(* Assume (STAB). There exist constants $\lambda_{d,R}$ ($R>2$) such that $$\langle\delta^2E(\hat y+\Pi_Ru)v,v\rangle\ge\lambda_{d,R}\|Dv\|_{\ell^2}^2\qquad\text{for all }v\in\mathscr W_0(\Lambda),$$ and $\lambda_{d,R}\to\lambda_d>0$ as $R\to\infty$.
   Context: Lattice $\Lambda:=\tfrac{a_1+a_2}{3}+\{ma_1+na_2:m,n\in\mathbb Z\}$, $a_1=(1,0)^T$, $a_2=(\tfrac12,\tfrac{\sqrt3}2)^T$; bonds $\mathcal B$ oriented nearest-neighbour pairs; cells: triangles of mutually nearest-neighbour lattice points; $C_0$ the cell with barycentre $0$. $Dy_b:=y(\eta)-y(\xi)$; $\xi_0=(0,\sqrt3/3)^T$; $\mathscr W_0(\Lambda)=\{v:v(\xi_0)=0,\mathrm{supp}(Dv)\text{ bounded}\}$; $\dot{\mathscr W}^{1,2}(\Lambda)=\{v:v(\xi_0)=0,Dv\in\ell^2(\mathcal B)\}$. $\psi\in C^4(\mathbb R)$, $1$-periodic, even; $E(y;\tilde y):=\sum_{b\in\mathcal B}[\psi(Dy_b)-\psi(D\tilde y_b)]$; $\langle\delta^2E(y)v,w\rangle:=\sum_b\psi''(Dy_b)Dv_bDw_b$. $\hat y(x)=\frac1{2\pi}\arg(x)$ (branch cut on positive $x_1$-axis). (STAB): there is $u\in\dot{\mathscr W}^{1,2}(\Lambda)$ such that $\hat y+u$ is a strongly stable equilibrium of $E$ (locally minimal among perturbations $w\in\mathscr W_0(\Lambda)$ with small $\|Dw\|_{\ell^2}$, and $\langle\delta^2E(\hat y+u)v,v\rangle\ge\lambda_d\|Dv\|_{\ell^2}^2$ for all $v\in\mathscr W_0(\Lambda)$, with $\lambda_d>0$ fixed). Truncation: $\eta\in C^1(\mathbb R^2)$ with $\eta=1$ on $|x|\le\frac34$, $\eta=0$ on $|x|\ge1$; $Iu$ the piecewise affine interpolant of $u$ over the cells; $A_R:=B_R(0)\setminus B_{R/2+1}(0)$; $\Pi_Ru(\xi):=\eta(\xi/R)(u(\xi)-a_R)$ with $a_R$ the average of $Iu$ over $A_R$. *)

theory Defs
  imports "HOL-Analysis.Analysis"
begin

text \<open>Points of R^2 are represented as complex numbers: (x1,x2) corresponds to x1 + i x2.\<close>

definition a1 :: complex where "a1 = Complex 1 0"
definition a2 :: complex where "a2 = Complex (1/2) (sqrt 3 / 2)"

definition Lat :: "complex set" where
  "Lat = {(a1 + a2) / 3 + of_int m * a1 + of_int n * a2 | m n. True}"

definition Bonds :: "(complex \<times> complex) set" where
  "Bonds = {(xi, eta). xi \<in> Lat \<and> eta \<in> Lat \<and> dist xi eta = 1}"

definition Dif :: "(complex \<Rightarrow> real) \<Rightarrow> complex \<times> complex \<Rightarrow> real" where
  "Dif y b = y (snd b) - y (fst b)"

definition xi0 :: complex where "xi0 = Complex 0 (sqrt 3 / 3)"

definition W0 :: "(complex \<Rightarrow> real) set" where
  "W0 = {v. v xi0 = 0 \<and> bounded {b \<in> Bonds. Dif v b \<noteq> 0}}"

definition W12 :: "(complex \<Rightarrow> real) set" where
  "W12 = {v. v xi0 = 0 \<and> (\<lambda>b. (Dif v b)\<^sup>2) summable_on Bonds}"

definition normD2 :: "(complex \<Rightarrow> real) \<Rightarrow> real" where
  "normD2 v = (\<Sum>\<^sub>\<infinity> b\<in>Bonds. (Dif v b)\<^sup>2)"

definition C_k :: "nat \<Rightarrow> (real \<Rightarrow> real) \<Rightarrow> bool" where
  "C_k k f \<longleftrightarrow> (\<forall>j<k. \<forall>x. (deriv ^^ j) f differentiable (at x))
                 \<and> continuous_on UNIV ((deriv ^^ k) f)"

definition Energy :: "(real \<Rightarrow> real) \<Rightarrow> (complex \<Rightarrow> real) \<Rightarrow> (complex \<Rightarrow> real) \<Rightarrow> real" where
  "Energy \<psi> y y' = (\<Sum>\<^sub>\<infinity> b\<in>Bonds. \<psi> (Dif y b) - \<psi> (Dif y' b))"

definition hess :: "(real \<Rightarrow> real) \<Rightarrow> (complex \<Rightarrow> real) \<Rightarrow> (complex \<Rightarrow> real) \<Rightarrow> (complex \<Rightarrow> real) \<Rightarrow> real" where
  "hess \<psi> y v w = (\<Sum>\<^sub>\<infinity> b\<in>Bonds. (deriv ^^ 2) \<psi> (Dif y b) * Dif v b * Dif w b)"

definition yhat :: "complex \<Rightarrow> real" where
  "yhat x = Arg2pi x / (2 * pi)"

definition strongly_stable :: "(real \<Rightarrow> real) \<Rightarrow> real \<Rightarrow> (complex \<Rightarrow> real) \<Rightarrow> bool" where
  "strongly_stable \<psi> lam y \<longleftrightarrow>
     (\<exists>\<epsilon>>0. \<forall>w\<in>W0. sqrt (normD2 w) < \<epsilon> \<longrightarrow> Energy \<psi> (\<lambda>x. y x + w x) y \<ge> 0)
   \<and> (\<forall>v\<in>W0. hess \<psi> y v v \<ge> lam * normD2 v)"

definition is_cell :: "complex \<Rightarrow> complex \<Rightarrow> complex \<Rightarrow> bool" where
  "is_cell p q r \<longleftrightarrow> p \<in> Lat \<and> q \<in> Lat \<and> r \<in> Lat
      \<and> dist p q = 1 \<and> dist q r = 1 \<and> dist p r = 1"

text \<open>Piecewise affine interpolant over the cells (barycentric interpolation;
  well defined since adjacent cells agree on shared edges).\<close>
definition interp :: "(complex \<Rightarrow> real) \<Rightarrow> complex \<Rightarrow> real" where
  "interp u x = (SOME val. \<exists>p q r \<alpha> \<beta> \<gamma>. is_cell p q r \<and> \<alpha> \<ge> 0 \<and> \<beta> \<ge> 0 \<and> \<gamma> \<ge> 0
       \<and> \<alpha> + \<beta> + \<gamma> = 1 \<and> x = of_real \<alpha> * p + of_real \<beta> * q + of_real \<gamma> * r
       \<and> val = \<alpha> * u p + \<beta> * u q + \<gamma> * u r)"

definition annulus :: "real \<Rightarrow> complex set" where
  "annulus R = ball 0 R - ball 0 (R / 2 + 1)"

definition avgR :: "real \<Rightarrow> (complex \<Rightarrow> real) \<Rightarrow> real" where
  "avgR R u = integral (annulus R) (interp u) / Henstock_Kurzweil_Integration.content (annulus R)"

definition truncR :: "(complex \<Rightarrow> real) \<Rightarrow> real \<Rightarrow> (complex \<Rightarrow> real) \<Rightarrow> complex \<Rightarrow> real" where
  "truncR \<eta> R u xi = \<eta> (xi / of_real R) * (u xi - avgR R u)"

definition cutoff :: "(complex \<Rightarrow> real) \<Rightarrow> bool" where
  "cutoff \<eta> \<longleftrightarrow> (\<exists>\<eta>'. (\<forall>x. (\<eta> has_derivative blinfun_apply (\<eta>' x)) (at x)) \<and> continuous_on UNIV \<eta>')
     \<and> (\<forall>x. norm x \<le> 3/4 \<longrightarrow> \<eta> x = 1) \<and> (\<forall>x. norm x \<ge> 1 \<longrightarrow> \<eta> x = 0)"

end

theory Submission
  imports Defs "HOL-Real_Asymp.Real_Asymp"
begin

text \<open>
  The Hessians at \<open>\<hat>y + \<Pi>\<^sub>R u\<close> and at \<open>\<hat>y + u\<close> differ only in the coefficients
  \<open>\<psi>''(Dy\<^sub>b)\<close>. It therefore suffices that \<open>D(\<Pi>\<^sub>R u) \<rightarrow> Du\<close> uniformly on the bonds: the bond
  values then stay in a compact interval, uniform continuity of \<open>\<psi>''\<close> makes the largest
  coefficient change \<open>\<omega>\<^sub>R\<close> tend to 0, and \<open>\<lambda>\<^sub>d - \<omega>\<^sub>R\<close> is a stability constant.
  On a bond \<open>(\<xi>, \<zeta>)\<close> the error is
  \<open>(\<eta>(\<zeta>/R) - 1) Du\<^sub>b + (\<eta>(\<zeta>/R) - \<eta>(\<xi>/R)) (u(\<xi>) - a\<^sub>R)\<close>.
  The first term vanishes for \<open>|\<zeta>| \<le> 3R/4\<close> and is small beyond, since \<open>Du \<in> \<ell>\<^sup>2\<close> is small
  far out. The second is \<open>O(R\<^sup>-\<^sup>1 R\<^sup>1\<^sup>/\<^sup>2)\<close>: \<open>\<eta>\<close> is Lipschitz, and a lattice function of finite
  energy grows at most like the square root of the distance (Cauchy--Schwarz along lattice
  lines), which bounds both \<open>u(\<xi>)\<close> and the annular average \<open>a\<^sub>R\<close> by \<open>O(R\<^sup>1\<^sup>/\<^sup>2)\<close>.
\<close>

section \<open>Lattice geometry\<close>

definition Lat_origin :: complex where "Lat_origin = (a1 + a2) / 3"

lemma Lat_iff: "p \<in> Lat \<longleftrightarrow> (\<exists>m n. p = Lat_origin + of_int m * a1 + of_int n * a2)"
  unfolding Lat_def Lat_origin_def by auto

lemma Lat_origin_in_Lat: "Lat_origin \<in> Lat"
  unfolding Lat_iff by (rule exI[of _ 0], rule exI[of _ 0]) simp

lemma Lat_add_a1: "p \<in> Lat \<Longrightarrow> p + of_int k * a1 \<in> Lat"
  unfolding Lat_iff
  by (clarsimp, rule_tac x="m + k" in exI, rule_tac x=n in exI, simp add: algebra_simps)

lemma Lat_add_a2: "p \<in> Lat \<Longrightarrow> p + of_int k * a2 \<in> Lat"
  unfolding Lat_iff
  by (clarsimp, rule_tac x=m in exI, rule_tac x="n + k" in exI, simp add: algebra_simps)

lemma norm_a1 [simp]: "norm a1 = 1"
  by (simp add: a1_def cmod_def)

lemma norm_a2 [simp]: "norm a2 = 1"
  by (simp add: a2_def cmod_def power_divide)

lemma Lat_coordinates_bound:
  assumes "p = Lat_origin + of_int m * a1 + of_int n * a2"
  shows "\<bar>real_of_int m\<bar> \<le> 2 * (norm p + 1)" and "\<bar>real_of_int n\<bar> \<le> 2 * (norm p + 1)"
proof -
  have re: "Re p = 1/2 + m + n/2" and im: "Im p = sqrt 3 / 6 + n * (sqrt 3 / 2)"
    using assms by (simp_all add: Lat_origin_def a1_def a2_def)
  have Re: "\<bar>Re p\<bar> \<le> norm p" and Im: "\<bar>Im p\<bar> \<le> norm p"
    by (rule abs_Re_le_cmod, rule abs_Im_le_cmod)
  have "sqrt 3 \<le> 2"
    by (smt (verit) real_sqrt_le_mono real_sqrt_four)
  have "\<bar>real_of_int n\<bar> * (1/2) \<le> \<bar>real_of_int n\<bar> * (sqrt 3 / 2)"
    by (intro mult_left_mono) auto
  also have "\<dots> = \<bar>Im p - sqrt 3 / 6\<bar>"
    by (simp add: im abs_mult)
  also have "\<dots> \<le> \<bar>Im p\<bar> + sqrt 3 / 6"
    using abs_triangle_ineq4[of "Im p" "sqrt 3 / 6"] by simp
  also have "\<dots> \<le> norm p + 1"
    using Im \<open>sqrt 3 \<le> 2\<close> by linarith
  finally show n: "\<bar>real_of_int n\<bar> \<le> 2 * (norm p + 1)"
    by simp
  show "\<bar>real_of_int m\<bar> \<le> 2 * (norm p + 1)"
  proof (rule abs_leI)
    have "Re p \<le> norm p" "- Re p \<le> norm p"
      and "real_of_int n \<le> 2 * (norm p + 1)" "- real_of_int n \<le> 2 * (norm p + 1)"
      using Re n by (simp_all add: abs_le_iff)
    then show "real_of_int m \<le> 2 * (norm p + 1)" and "- real_of_int m \<le> 2 * (norm p + 1)"
      using re by auto
  qed

qed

■ **DESCRIPTION OF THE TASK**
What are the lines above, starting at the one with "(\<exists>\<epsilon>>0. \<forall>w\<in>W0. sqrt" and ending at the one with "complex \<Rightarrow> complex"? Give them again exactly, and only them.

■ **TASK ANSWER**
     (\<exists>\<epsilon>>0. \<forall>w\<in>W0. sqrt (normD2 w) < \<epsilon> \<longrightarrow> Energy \<psi> (\<lambda>x. y x + w x) y \<ge> 0)
   \<and> (\<forall>v\<in>W0. hess \<psi> y v v \<ge> lam * normD2 v)"

definition is_cell :: "complex \<Rightarrow> complex \<Rightarrow> complex \<Rightarrow> bool" where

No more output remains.